KEYWORDS Remote monitoring; ECG; Hypertension; LVH; Workers
Summary Introduction. — The high prevalence of hypertension in businesses led a firm in Bouake (center of Ivory Coast) to add the electrocardiogram (ECG) to the annual check-up of its staff since 2010. Materials and methods. — This retrospective study analyzed comments from the cardiologist without any reinterpretation of the 855 ECGs teletransmitted from 2010 to 2015 to Bouaké. The major anomalies found since 2010 were monitored until 2015. Results. — On average, 142.5 ECGs were teletransmitted per year. The mean age was 42.3 ± 8.7 years. The percentage of mean ECG anomalies was 60.8% versus 56% in 2010 and 53% in 2015. There were 10.17% of hypertensive patients. The more recurrent ECG anomalies were incomplete right bundle branch blocks (IRBBB) with 13.92% and left ventricular hypertrophy (LVH) in 13.85% of cases. The average rate of progression of these anomalies was 29% for IRBBB and 18% for LVH. Discussion. — The large number of IRBBBs is related to the age of the relatively young study population. LVH with a growth rate of 18% was found in this population where 10.17% of hypertensive case were counted as an important clinical parameter worth monitoring over time. Conclusion. — Remote monitoring of certain ECG parameters such as LVH in this group of workers, especially in hypertensive patients, is an important element to take into account in the management of hypertension. © 2016 Elsevier Masson SAS. All rights reserved.

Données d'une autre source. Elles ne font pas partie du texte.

(* Let $\mathcal I$ be uniformly distributed on $V$, independent of the environment. The total variation distance between the law of the random vector $(n\pi_t(\mathcal I))_{0\le t\le h}$ and the law of $(M_t)_{0\le t\le h}$ is less than $\frac{\Delta^{2h+3}}{m}$.
   Context: Configuration model: $(d_i^-)_{1\le i\le n}$, $(d_i^+)_{1\le i\le n}$ positive integers with $\sum_id_i^-=\sum_id_i^+=m$; each vertex $i\in V=\{1,\dots,n\}$ carries a set $E_i^+$ of $d_i^+$ tails and $E_i^-$ of $d_i^-$ heads; $\omega$ is a uniformly random bijection from tails to heads, $\omega(e)=f$ an arc from the vertex of $e$ to that of $f$; $P(i,j)=\frac1{d_i^+}|\{e\in E_i^+:\omega(e)\in E_j^-\}|$. Assume $\min_i\min(d_i^+,d_i^-)\ge2$; $\Delta:=\max_i\max(d_i^+,d_i^-)$, $h=\lfloor\frac{\ln n}{10\ln\Delta}\rfloor$, $\pi_0(i)=d_i^-/m$, $\pi_t=\pi_0P^t$. Branching process $\mathcal T_\star$: the root $o$ (generation $0$) has mark uniform on $V$; each node $x$ of generation $t$, with mark $i(x)$, independently has exactly $d^-_{i(x)}$ children forming generation $t+1$, whose marks are i.i.d. with the out-degree distribution $\mathbf P(\text{mark}=i)=d_i^+/m$. For a node $x$ of generation $t$ with path $x=x_0,x_1,\dots,x_t=o$ to the root, $\mathbf w(x)=\frac{n d^-_{i(x_0)}}{m}\prod_{k=0}^{t-1}\frac1{d^+_{i(x_k)}}$ (empty product $=1$), and $M_t=\sum_{x\text{ in generation }t}\mathbf w(x)$. *)

theory Defs
  imports "HOL-Probability.Probability"
begin

definition Tails :: "nat \<Rightarrow> (nat \<Rightarrow> nat) \<Rightarrow> (nat \<times> nat) set" where
  "Tails n dout = {(i,k). i < n \<and> k < dout i}"

definition Heads :: "nat \<Rightarrow> (nat \<Rightarrow> nat) \<Rightarrow> (nat \<times> nat) set" where
  "Heads n din = {(j,l). j < n \<and> l < din j}"

text \<open>Configurations: bijections from tails to heads (extensional, so the set is finite).\<close>
definition configs :: "nat \<Rightarrow> (nat \<Rightarrow> nat) \<Rightarrow> (nat \<Rightarrow> nat) \<Rightarrow> (nat \<times> nat \<Rightarrow> nat \<times> nat) set" where
  "configs n din dout =
     {\<omega> \<in> Tails n dout \<rightarrow>\<^sub>E Heads n din. bij_betw \<omega> (Tails n dout) (Heads n din)}"

definition config_pmf :: "nat \<Rightarrow> (nat \<Rightarrow> nat) \<Rightarrow> (nat \<Rightarrow> nat) \<Rightarrow> (nat \<times> nat \<Rightarrow> nat \<times> nat) pmf" where
  "config_pmf n din dout = pmf_of_set (configs n din dout)"

definition Pmat :: "(nat \<Rightarrow> nat) \<Rightarrow> (nat \<times> nat \<Rightarrow> nat \<times> nat) \<Rightarrow> nat \<Rightarrow> nat \<Rightarrow> real" where
  "Pmat dout \<omega> i j = real (card {k. k < dout i \<and> fst (\<omega> (i,k)) = j}) / real (dout i)"

fun pi_t :: "nat \<Rightarrow> (nat \<Rightarrow> nat) \<Rightarrow> (nat \<Rightarrow> nat) \<Rightarrow> (nat \<times> nat \<Rightarrow> nat \<times> nat) \<Rightarrow> nat \<Rightarrow> nat \<Rightarrow> real" where
  "pi_t n din dout \<omega> 0 j = real (din j) / real (\<Sum>i<n. din i)"
| "pi_t n din dout \<omega> (Suc t) j = (\<Sum>i<n. pi_t n din dout \<omega> t i * Pmat dout \<omega> i j)"

definition env_law :: "nat \<Rightarrow> (nat \<Rightarrow> nat) \<Rightarrow> (nat \<Rightarrow> nat) \<Rightarrow> nat \<Rightarrow> real list pmf" where
  "env_law n din dout h =
     bind_pmf (config_pmf n din dout) (\<lambda>\<omega>.
       map_pmf (\<lambda>I. map (\<lambda>t. real n * pi_t n din dout \<omega> t I) [0..<Suc h]) (pmf_of_set {..<n}))"

text \<open>Mark distribution P(mark = i) = dout i / m, realised as the vertex of a uniform tail.\<close>
definition mark_pmf :: "nat \<Rightarrow> (nat \<Rightarrow> nat) \<Rightarrow> nat pmf" where
  "mark_pmf n dout = map_pmf fst (pmf_of_set (Tails n dout))"

fun iid_list :: "nat \<Rightarrow> 'a pmf \<Rightarrow> 'a list pmf" where
  "iid_list 0 p = return_pmf []"
| "iid_list (Suc k) p = bind_pmf p (\<lambda>x. map_pmf (Cons x) (iid_list k p))"

text \<open>A generation is a list of nodes (mark, a) where a is the product of 1/dout over the
node and its ancestors, the root excluded. Each node of mark i independently gets din i
children with i.i.d. marks.\<close>
fun next_gen :: "nat \<Rightarrow> (nat \<Rightarrow> nat) \<Rightarrow> (nat \<Rightarrow> nat) \<Rightarrow> (nat \<times> real) list \<Rightarrow> (nat \<times> real) list pmf" where
  "next_gen n din dout [] = return_pmf []"
| "next_gen n din dout ((i,a) # xs) =
     bind_pmf (iid_list (din i) (mark_pmf n dout)) (\<lambda>cs.
       map_pmf (\<lambda>rest. map (\<lambda>j. (j, a / real (dout j))) cs @ rest) (next_gen n din dout xs))"

fun gens :: "nat \<Rightarrow> (nat \<Rightarrow> nat) \<Rightarrow> (nat \<Rightarrow> nat) \<Rightarrow> nat \<Rightarrow> (nat \<times> real) list list pmf" where
  "gens n din dout 0 = map_pmf (\<lambda>i. [[(i, 1)]]) (pmf_of_set {..<n})"
| "gens n din dout (Suc t) =
     bind_pmf (gens n din dout t) (\<lambda>gs. map_pmf (\<lambda>g. gs @ [g]) (next_gen n din dout (last gs)))"

definition M_law :: "nat \<Rightarrow> (nat \<Rightarrow> nat) \<Rightarrow> (nat \<Rightarrow> nat) \<Rightarrow> nat \<Rightarrow> real list pmf" where
  "M_law n din dout h =
     map_pmf (\<lambda>gs. map (\<lambda>g. sum_list (map (\<lambda>(i,a). real n * real (din i) / real (\<Sum>k<n. din k) * a) g)) gs)
       (gens n din dout h)"

definition tv_dist :: "'a pmf \<Rightarrow> 'a pmf \<Rightarrow> real" where
  "tv_dist p q = (SUP A. \<bar>measure_pmf.prob p A - measure_pmf.prob q A\<bar>)"

end

theory Submission
  imports Defs
begin

text \<open>
  Explore the configuration model backwards from the uniform vertex \<open>I\<close>: \<open>n \<pi>\<^sub>t(I)\<close> is a
  weighted sum over the paths of length \<open>t\<close> ending in \<open>I\<close>, i.e. a functional of generation \<open>t\<close>
  of the backward exploration tree of the environment. The same functional of the branching
  process gives \<open>M\<^sub>t\<close> once every position of its tree is labelled by an independent uniform tail,
  whose vertex is the mark.

  Coupling: draw the configuration \<open>\<omega>\<close> and independent tails; label the positions reached by the
  exploration of \<open>\<omega>\<close> with the tail matched to the corresponding head, and keep the independent
  tails elsewhere. This writes the law of \<open>(n \<pi>\<^sub>t(I))\<^sub>t\<close> as a push-forward of labellings. A labelling
  without collisions (distinct vertices on all positions up to depth \<open>h\<close>, none equal to the root)
  is produced by at least \<open>m!\<close> pairs of a consistent configuration and free labels, so the coupled
  law gives it at least its independent mass. The distance is therefore at most the probability
  of a collision, which a union bound over pairs of the fewer than \<open>\<Delta>\<^sup>h\<^sup>+\<^sup>1\<close> positions bounds by
  \<open>\<Delta>\<^sup>2\<^sup>h\<^sup>+\<^sup>3 / m\<close>.
\<close>

section \<open>Counting\<close>

definition bijections :: "'a set \<Rightarrow> 'b set \<Rightarrow> ('a \<Rightarrow> 'b) set" where
  "bijections A B = {f \<in> A \<rightarrow>\<^sub>E B. bij_betw f A B}"

lemma bijectionsI: "bij_betw f A B \<Longrightarrow> restrict f A \<in> bijections A B"
  by (auto simp: bijections_def bij_betw_imp_funcset bij_betw_cong[of A "restrict f A" f])

lemma finite_bijections: "finite A \<Longrightarrow> finite B \<Longrightarrow> finite (bijections A B)"
  unfolding bijections_def by (rule finite_subset[of _ "A \<rightarrow>\<^sub>E B"]) (auto intro: finite_PiE)

lemma bij_betw_bijections_insert:
  assumes "a \<notin> A"
  shows "bij_betw (\<lambda>f. (f a, restrict f A)) (bijections (insert a A) B)
           (SIGMA b:B. bijections A (B - {b}))"
proof (rule bij_betw_byWitness[where f' = "\<lambda>(b,g). g(a := b)"])
  show "\<forall>f\<in>bijections (insert a A) B. (\<lambda>(b, g). g(a := b)) (f a, restrict f A) = f"
    using assms by (auto simp: bijections_def fun_eq_iff PiE_def extensional_def)
  show "\<forall>x\<in>SIGMA b:B. bijections A (B - {b}). (\<lambda>f. (f a, restrict f A)) ((\<lambda>(b, g). g(a := b)) x) = x"
    using assms by (auto simp: bijections_def fun_eq_iff PiE_def extensional_def)
  show "(\<lambda>f. (f a, restrict f A)) ` bijections (insert a A) B \<subseteq> (SIGMA b:B. bijections A (B - {b}))"
  proof clarify
    fix f assume f: "f \<in> bijections (insert a A) B"
    then have inj: "inj_on f (insert a A)" and im: "f ` insert a A = B" and fa: "f a \<in> B"
      by (auto simp: bijections_def bij_betw_def)
    then have "bij_betw f A (B - {f a})"
      using assms by (force simp: bij_betw_def)
    then show "f a \<in> B \<and> restrict f A \<in> bijections A (B - {f a})"
      using fa by (blast intro: bijectionsI)
  qed
  show "(\<lambda>(b, g). g(a := b)) ` (SIGMA b:B. bijections A (B - {b})) \<subseteq> bijections (insert a A) B"
  proof clarify
    fix b g assume b: "b \<in> B" and g: "g \<in> bijections A (B - {b})"
    then have "bij_betw (g(a := b)) A (B - {b})"
      using assms bij_betw_cong[of A "g(a := b)" g "B - {b}"] by (fastforce simp: bijections_def)
    then have "bij_betw (g(a := b)) (insert a A) B"
      using assms b by (auto simp: bij_betw_def inj_on_insert insert_absorb)
    moreover have "g(a := b) \<in> insert a A \<rightarrow>\<^sub>E B"
      using g b assms by (auto simp: bijections_def PiE_def extensional_def)
    ultimately show "g(a := b) \<in> bijections (insert a A) B"
      by (simp add: bijections_def)
  qed
qed

lemma card_bijections:
  assumes "finite A" "finite B" "card A = card B"
  shows "card (bijections A B) = fact (card A)"
  using assms
proof (induction A arbitrary: B rule: finite_induct)
  case empty
  then show ?case by (simp add: bijections_def bij_betw_def)
next
  case (insert a A B)
  have "card (bijections (insert a A) B) = card (SIGMA b:B. bijections A (B - {b}))"
    by (rule bij_betw_same_card[OF bij_betw_bijections_insert[OF insert.hyps(2)]])
  also have "\<dots> = (\<Sum>b\<in>B. card (bijections A (B - {b})))"
    using insert by (intro card_SigmaI) (auto intro: finite_bijections)
  also have "\<dots> = (\<Sum>b\<in>B. fact (card A))"
    using insert by (intro sum.cong refl insert.IH) auto
  also have "\<dots> = fact (card (insert a A))"
    using insert by (simp add: card_insert_disjoint) (metis fact_Suc of_nat_id)
  finally show ?case .
qed

lemma bij_betw_extend_injection:
  assumes "inj_on \<alpha> J" "inj_on \<beta> J" "\<alpha> ` J \<subseteq> A" "\<beta> ` J \<subseteq> B" "bij_betw g (A - \<alpha> ` J) (B - \<beta> ` J)"
  shows "bij_betw (\<lambda>x. if x \<in> \<alpha> ` J then \<beta> (the_inv_into J \<alpha> x) else g x) A B"
    (is "bij_betw ?f _ _")
proof -
  have "bij_betw (\<beta> \<circ> the_inv_into J \<alpha>) (\<alpha> ` J) (\<beta> ` J)"
    using bij_betw_the_inv_into[OF inj_on_imp_bij_betw[OF assms(1)]]
      inj_on_imp_bij_betw[OF assms(2)] by (rule bij_betw_trans)
  then have "bij_betw ?f (\<alpha> ` J) (\<beta> ` J)"
    by (rule bij_betw_cong[THEN iffD1, rotated]) simp
  moreover have "bij_betw ?f (A - \<alpha> ` J) (B - \<beta> ` J)"
    using assms(5) by (auto intro: bij_betw_cong[THEN iffD1])
  ultimately have "bij_betw ?f (\<alpha> ` J \<union> (A - \<alpha> ` J)) (\<beta> ` J \<union> (B - \<beta> ` J))"
    by (rule bij_betw_combine) auto
  then show ?thesis
    using assms(3,4) by (simp add: Un_Diff_cancel Un_absorb1)
qed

Introduction Le bilan annuel en entreprise est le plus souvent en Afrique noire, la seule opportunité de diagnostiquer des pathologies souvent graves en rapport soit directement avec l’activité professionnelle des agents soit avec l’apparition d’autres facteurs de risques durant la vie professionnelle. Son caractère obligatoire aussi bien pour l’employeur que pour l’employé permet parfois de constituer des cohortes dont le suivi rigoureux durant le parcours professionnel peut être riche d’enseignements quant au diagnostic et au pronostic de certaines situations cliniques pathologiques qui préexistaient ou pas à l’embauche [1]. En Côte d’Ivoire, pays d’Afrique subsaharienne, Koffi et al. retrouvaient une prévalence de l’hypertension artérielle (HTA) en milieu professionnel de l’ordre de 29,7 % à Abidjan en 1995 [2].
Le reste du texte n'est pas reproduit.